Artist and puppeteer Richard Teschner was a pioneer as it pertains to his adaptation of “wayang”, an imaginative method of puppeteering that utilizes rods to manipulate puppets on stage. The art dates back to the 800s with wayang artifacts being traced to Indonesia and areas in and around Southeast Asia. In addition to his talents as a puppeteer, Teschner was also an adept painter, illustrator, composer, and sculptor. 

Teschner started the process of perfecting his puppeteering as a youth while studying art in both Prague and Vienna. By the time he was 27, he was already running his own puppet/marionette company in Prague. During this time Teschner was using more traditional forms of puppeteering, although a trip to the Netherlands in 1911 would lead to his discovery of the wayang style of puppeteering. Upon his return to Prague, he immediately incorporated the use of rod puppets into his shows.

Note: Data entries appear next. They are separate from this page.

(* Let $\Pi$ be a clingcon program with CSP $(V,D,C)$, let $\mathbf{p}$ be the set of all propositional constants occurring in $\Pi$, and let $I=\langle I^f,X\rangle$ be an interpretation of the signature $V\cup\mathbf{p}$. Then $X$ is a constraint answer set of $\Pi$ relative to $I^f$ if and only if $I\models_{bg}\mathrm{SM}[\Pi;\mathbf{p}]$, where $\Pi$ is identified with the conjunction of the formulas $B\land N\land \mathit{Cn}\rightarrow a$ over all its rules.
   Context: Formulas are (possibly many-sorted) first-order formulas built from $\bot,\land,\lor,\rightarrow,\forall,\exists$; $\neg F$ abbreviates $F\rightarrow\bot$, $\top$ abbreviates $\neg\bot$. Stable model operator. For predicate symbols $u,c$ of the same arity, $u\le c$ denotes $\forall\mathbf{x}(u(\mathbf{x})\rightarrow c(\mathbf{x}))$; $u=c$ denotes $\forall\mathbf{x}(u(\mathbf{x})\leftrightarrow c(\mathbf{x}))$ if $u,c$ are predicate symbols and $\forall\mathbf{x}(u(\mathbf{x})=c(\mathbf{x}))$ if they are function symbols; for lists these are conjunctions of the componentwise expressions. Let $\mathbf{c}$ be a list of distinct predicate and function constants and $\widehat{\mathbf{c}}$ a list of distinct predicate and function variables corresponding to $\mathbf{c}$. Write $\mathbf{c}^{pred}$, $\widehat{\mathbf{c}}^{pred}$ for the sublists of predicate symbols. $\widehat{\mathbf{c}}<\mathbf{c}$ abbreviates $(\widehat{\mathbf{c}}^{pred}\le\mathbf{c}^{pred})\land\neg(\widehat{\mathbf{c}}=\mathbf{c})$. For a formula $F$, $F^*(\widehat{\mathbf{c}})$ is defined recursively: if $F$ is atomic (including $\bot$), $F^*=F'\land F$ where $F'$ is obtained from $F$ by replacing every intensional constant from $\mathbf{c}$ by the corresponding variable from $\widehat{\mathbf{c}}$; $(G\land H)^*=G^*\land H^*$; $(G\lor H)^*=G^*\lor H^*$; $(G\rightarrow H)^*=(G^*\rightarrow H^* )\land(G\rightarrow H)$; $(\forall xG)^*=\forall xG^*$; $(\exists xG)^*=\exists xG^*$. Then $\mathrm{SM}[F;\mathbf{c}]$ is the second-order formula $F\land\neg\exists\widehat{\mathbf{c}}(\widehat{\mathbf{c}}<\mathbf{c}\land F^*(\widehat{\mathbf{c}}))$. Background theory. Let $\sigma^{bg}$ be the (many-sorted) signature of a background theory $bg$; an interpretation of $\sigma^{bg}$ satisfying $bg$ is a background interpretation. For a signature $\sigma$ disjoint from $\sigma^{bg}$, an interpretation $I$ of $\sigma$ satisfies a (possibly second-order) sentence $F$ w.r.t. $bg$, written $I\models_{bg}F$, if there is a background interpretation $J$ of $\sigma^{bg}$ with the same universe as $I$ such that $I\cup J\models F$. Clingcon programs. A CSP is a tuple $(V,D,C)$ of constraint variables $V$, their domains $D$, and constraints $C$. Constraint variables are identified with object constants whose value sorts are the corresponding domains; $\sigma^{bg}$ is disjoint from $V$, contains all domain values as object constants and the symbols (such as $+,\times,\ge$) used in constraints; each constraint is a sentence $F(v_1,\dots,v_n)$ of signature $V\cup\sigma^{bg}$ obtained from a formula $F(x_1,\dots,x_n)$ of $\sigma^{bg}$ by substituting constants $v_i\in V$ for the variables $x_i$. A clingcon program $\Pi$ with CSP $(V,D,C)$ is a set of rules $a\leftarrow B,N,\mathit{Cn}$ where $a$ is a propositional atom or $\bot$, $B$ is a set of propositional atoms, $N$ is a set of negative propositional literals $\mathit{not}\ c$, and $\mathit{Cn}$ is a set of constraints from $C$, each possibly preceded by $\mathit{not}$; as a formula, commas are conjunctions and $\mathit{not}$ is $\neg$. For a signature of object constants and propositional constants, an interpretation $I$ is identified with $\langle I^f,X\rangle$, where $I^f$ is the restriction of $I$ to the object constants and $X$ is the set of propositional constants true in $I$. The constraint reduct $\Pi^X_{I^f}$ is the set of rules $a\leftarrow B$ for each rule $a\leftarrow B,N,\mathit{Cn}$ of $\Pi$ such that $I^f\models_{bg}\mathit{Cn}$ (every constraint in $\mathit{Cn}$ not preceded by $\mathit{not}$ holds and every one preceded by $\mathit{not}$ fails) and $X\models N$. $X$ is a constraint answer set of $\Pi$ relative to $I^f$ if $X$ is a minimal model of $\Pi^X_{I^f}$ (rules with head $\bot$ act as constraints).
   Formalization: There is a background interpretation with the same universe as I, and all background interpretations with that universe agree on the truth value of every constraint in C under $I^f$. Each condition added here is assumed in the paper as well or is needed for the statement above to hold. *)

theory Defs
  imports Main
begin

text \<open>Terms over function symbols (object constants are 0-ary function symbols);
  individual variables are natural numbers, their sort is given by the binder.\<close>
datatype (tfuns: 'f) trm = Var nat | Fn 'f "'f trm list"

datatype (ffuns: 'f, fpreds: 'p, fsorts: 's) fm =
    FBot
  | FAtom 'p "'f trm list"
  | FEq "'f trm" "'f trm"
  | FAnd "('f,'p,'s) fm" "('f,'p,'s) fm"
  | FOr "('f,'p,'s) fm" "('f,'p,'s) fm"
  | FImp "('f,'p,'s) fm" "('f,'p,'s) fm"
  | FAll nat 's "('f,'p,'s) fm"
  | FEx nat 's "('f,'p,'s) fm"

definition fneg :: "('f,'p,'s) fm \<Rightarrow> ('f,'p,'s) fm" where
  "fneg F = FImp F FBot"

definition ftop :: "('f,'p,'s) fm" where
  "ftop = fneg FBot"

fun fv_t :: "'f trm \<Rightarrow> nat set" where
  "fv_t (Var x) = {x}"
| "fv_t (Fn f ts) = (\<Union>t\<in>set ts. fv_t t)"

fun fv :: "('f,'p,'s) fm \<Rightarrow> nat set" where
  "fv FBot = {}"
| "fv (FAtom P ts) = (\<Union>t\<in>set ts. fv_t t)"
| "fv (FEq t u) = fv_t t \<union> fv_t u"
| "fv (FAnd F G) = fv F \<union> fv G"
| "fv (FOr F G) = fv F \<union> fv G"
| "fv (FImp F G) = fv F \<union> fv G"
| "fv (FAll x s F) = fv F - {x}"
| "fv (FEx x s F) = fv F - {x}"

definition sentence :: "('f,'p,'s) fm \<Rightarrow> bool" where
  "sentence F \<longleftrightarrow> fv F = {}"

text \<open>An interpretation of a subsignature is
  represented by a structure whose values outside that subsignature are ignored.\<close>
record ('s, 'v, 'f, 'p) struc =
  univ :: "'s \<Rightarrow> 'v set"
  fint :: "'f \<Rightarrow> 'v list \<Rightarrow> 'v"
  pint :: "'p \<Rightarrow> 'v list \<Rightarrow> bool"

fun evalt :: "('s,'v,'f,'p,'z) struc_scheme \<Rightarrow> (nat \<Rightarrow> 'v) \<Rightarrow> 'f trm \<Rightarrow> 'v" where
  "evalt I e (Var x) = e x"
| "evalt I e (Fn f ts) = fint I f (map (evalt I e) ts)"

fun sat :: "('s,'v,'f,'p,'z) struc_scheme \<Rightarrow> (nat \<Rightarrow> 'v) \<Rightarrow> ('f,'p,'s) fm \<Rightarrow> bool" where
  "sat I e FBot = False"
| "sat I e (FAtom P ts) = pint I P (map (evalt I e) ts)"
| "sat I e (FEq t u) = (evalt I e t = evalt I e u)"
| "sat I e (FAnd F G) = (sat I e F \<and> sat I e G)"
| "sat I e (FOr F G) = (sat I e F \<or> sat I e G)"
| "sat I e (FImp F G) = (sat I e F \<longrightarrow> sat I e G)"
| "sat I e (FAll x s F) = (\<forall>v\<in>univ I s. sat I (e(x := v)) F)"
| "sat I e (FEx x s F) = (\<exists>v\<in>univ I s. sat I (e(x := v)) F)"

text \<open>Default assignment (only used for sentences, where it is irrelevant).\<close>
definition e0 :: "nat \<Rightarrow> 'v" where "e0 = (\<lambda>_. undefined)"

text \<open>The predicate variable corresponding to the intensional constant P is the
  fresh symbol Inr P; the original symbols are Inl P.\<close>
definition lift :: "('f,'p,'s) fm \<Rightarrow> ('f,'p+'p,'s) fm" where
  "lift = map_fm id Inl id"

fun star :: "'p set \<Rightarrow> ('f,'p,'s) fm \<Rightarrow> ('f,'p+'p,'s) fm" where
  "star c FBot = FAnd FBot FBot"
| "star c (FAtom P ts) = FAnd (FAtom (if P \<in> c then Inr P else Inl P) ts) (FAtom (Inl P) ts)"
| "star c (FEq t u) = FAnd (FEq t u) (FEq t u)"
| "star c (FAnd G H) = FAnd (star c G) (star c H)"
| "star c (FOr G H) = FOr (star c G) (star c H)"
| "star c (FImp G H) = FAnd (FImp (star c G) (star c H)) (lift (FImp G H))"
| "star c (FAll x s G) = FAll x s (star c G)"
| "star c (FEx x s G) = FEx x s (star c G)"

definition ext_hat :: "('s,'v,'f,'p) struc \<Rightarrow> ('p \<Rightarrow> 'v list \<Rightarrow> bool) \<Rightarrow> ('s,'v,'f,'p+'p) struc" where
  "ext_hat I Q = \<lparr>univ = univ I, fint = fint I, pint = case_sum (pint I) Q\<rparr>"

definition tuple_of :: "('s \<Rightarrow> 'v set) \<Rightarrow> 's list \<Rightarrow> 'v list \<Rightarrow> bool" where
  "tuple_of U ss xs \<longleftrightarrow> list_all2 (\<lambda>x s. x \<in> U s) xs ss"

definition hat_le :: "('p \<Rightarrow> 's list) \<Rightarrow> 'p set \<Rightarrow> ('s,'v,'f,'p) struc \<Rightarrow> ('p \<Rightarrow> 'v list \<Rightarrow> bool) \<Rightarrow> bool" where
  "hat_le psort c I Q \<longleftrightarrow>
     (\<forall>P\<in>c. \<forall>xs. tuple_of (univ I) (psort P) xs \<longrightarrow> Q P xs \<longrightarrow> pint I P xs)"

definition hat_eq :: "('p \<Rightarrow> 's list) \<Rightarrow> 'p set \<Rightarrow> ('s,'v,'f,'p) struc \<Rightarrow> ('p \<Rightarrow> 'v list \<Rightarrow> bool) \<Rightarrow> bool" where
  "hat_eq psort c I Q \<longleftrightarrow>
     (\<forall>P\<in>c. \<forall>xs. tuple_of (univ I) (psort P) xs \<longrightarrow> (Q P xs \<longleftrightarrow> pint I P xs))"

definition hat_less :: "('p \<Rightarrow> 's list) \<Rightarrow> 'p set \<Rightarrow> ('s,'v,'f,'p) struc \<Rightarrow> ('p \<Rightarrow> 'v list \<Rightarrow> bool) \<Rightarrow> bool" where
  "hat_less psort c I Q \<longleftrightarrow> hat_le psort c I Q \<and> \<not> hat_eq psort c I Q"

definition SM_sat :: "('p \<Rightarrow> 's list) \<Rightarrow> 'p set \<Rightarrow> ('s,'v,'f,'p) struc \<Rightarrow> (nat \<Rightarrow> 'v) \<Rightarrow> ('f,'p,'s) fm \<Rightarrow> bool" where
  "SM_sat psort c I e F \<longleftrightarrow>
     sat I e F \<and> \<not> (\<exists>Q. hat_less psort c I Q \<and> sat (ext_hat I Q) e (star c F))"

definition bg_interp :: "('f,'p,'s) fm set \<Rightarrow> ('s,'v,'f,'p) struc \<Rightarrow> bool" where
  "bg_interp bg J \<longleftrightarrow> (\<forall>F\<in>bg. sat J e0 F)"

text \<open>I \<union> J where I interprets the signature (sF, sP) and J the background symbols.\<close>
definition merge :: "'f set \<Rightarrow> 'p set \<Rightarrow> ('s,'v,'f,'p) struc \<Rightarrow> ('s,'v,'f,'p) struc \<Rightarrow> ('s,'v,'f,'p) struc" where
  "merge sF sP I J = \<lparr>univ = univ I,
      fint = (\<lambda>f. if f \<in> sF then fint I f else fint J f),
      pint = (\<lambda>P. if P \<in> sP then pint I P else pint J P)\<rparr>"

text \<open>I \<Turnstile>_bg Phi, where Phi is the meaning of a (possibly second-order) sentence.\<close>
definition bg_sat :: "('f,'p,'s) fm set \<Rightarrow> 'f set \<Rightarrow> 'p set \<Rightarrow> ('s,'v,'f,'p) struc
                      \<Rightarrow> (('s,'v,'f,'p) struc \<Rightarrow> bool) \<Rightarrow> bool" where
  "bg_sat bg sF sP I Phi \<longleftrightarrow> (\<exists>J. bg_interp bg J \<and> univ J = univ I \<and> Phi (merge sF sP I J))"

text \<open>A rule  a <- B, N, Cn : head (None = bottom), positive atoms B, atoms c of the
  negative literals  not c  in N, and constraint literals (True = plain, False = preceded by not).\<close>
datatype ('f,'p,'s) rule =
  Rule (rhead: "'p option") (rpos: "'p list") (rneg: "'p list") (rcn: "(bool \<times> ('f,'p,'s) fm) list")

definition patom :: "'p \<Rightarrow> ('f,'p,'s) fm" where
  "patom a = FAtom a []"

definition clit :: "bool \<times> ('f,'p,'s) fm \<Rightarrow> ('f,'p,'s) fm" where
  "clit l = (if fst l then snd l else fneg (snd l))"

fun conj :: "('f,'p,'s) fm list \<Rightarrow> ('f,'p,'s) fm" where
  "conj [] = ftop"
| "conj [F] = F"
| "conj (F # Fs) = FAnd F (conj Fs)"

Teschner’s puppets were curiously designed and often wore exquisite clothing generally reserved for nobility and upper-class of the time, making them even more spellbinding in appearance. By re-engineering this ancient form of entertainment, Teschner helped usher in a resurgence of interest in puppeteering across Europe. In the very early 1900’s in the U.S. puppet shows were popular, and once news of what was happening in Prague made it to America, puppet shows evolved into more elaborate stage productions covering a diverse range of topics.

You can see examples of Teschner’s puppets as well as other pieces of his visionary work below. I’ve also included footage of Teschner performing live with his marionettes in 1934.
 

 

Another imaginative marionette by Richard Teschner.
 

A puppet made by Teschner called “Bimini.”
 
More magical marionettes after the jump…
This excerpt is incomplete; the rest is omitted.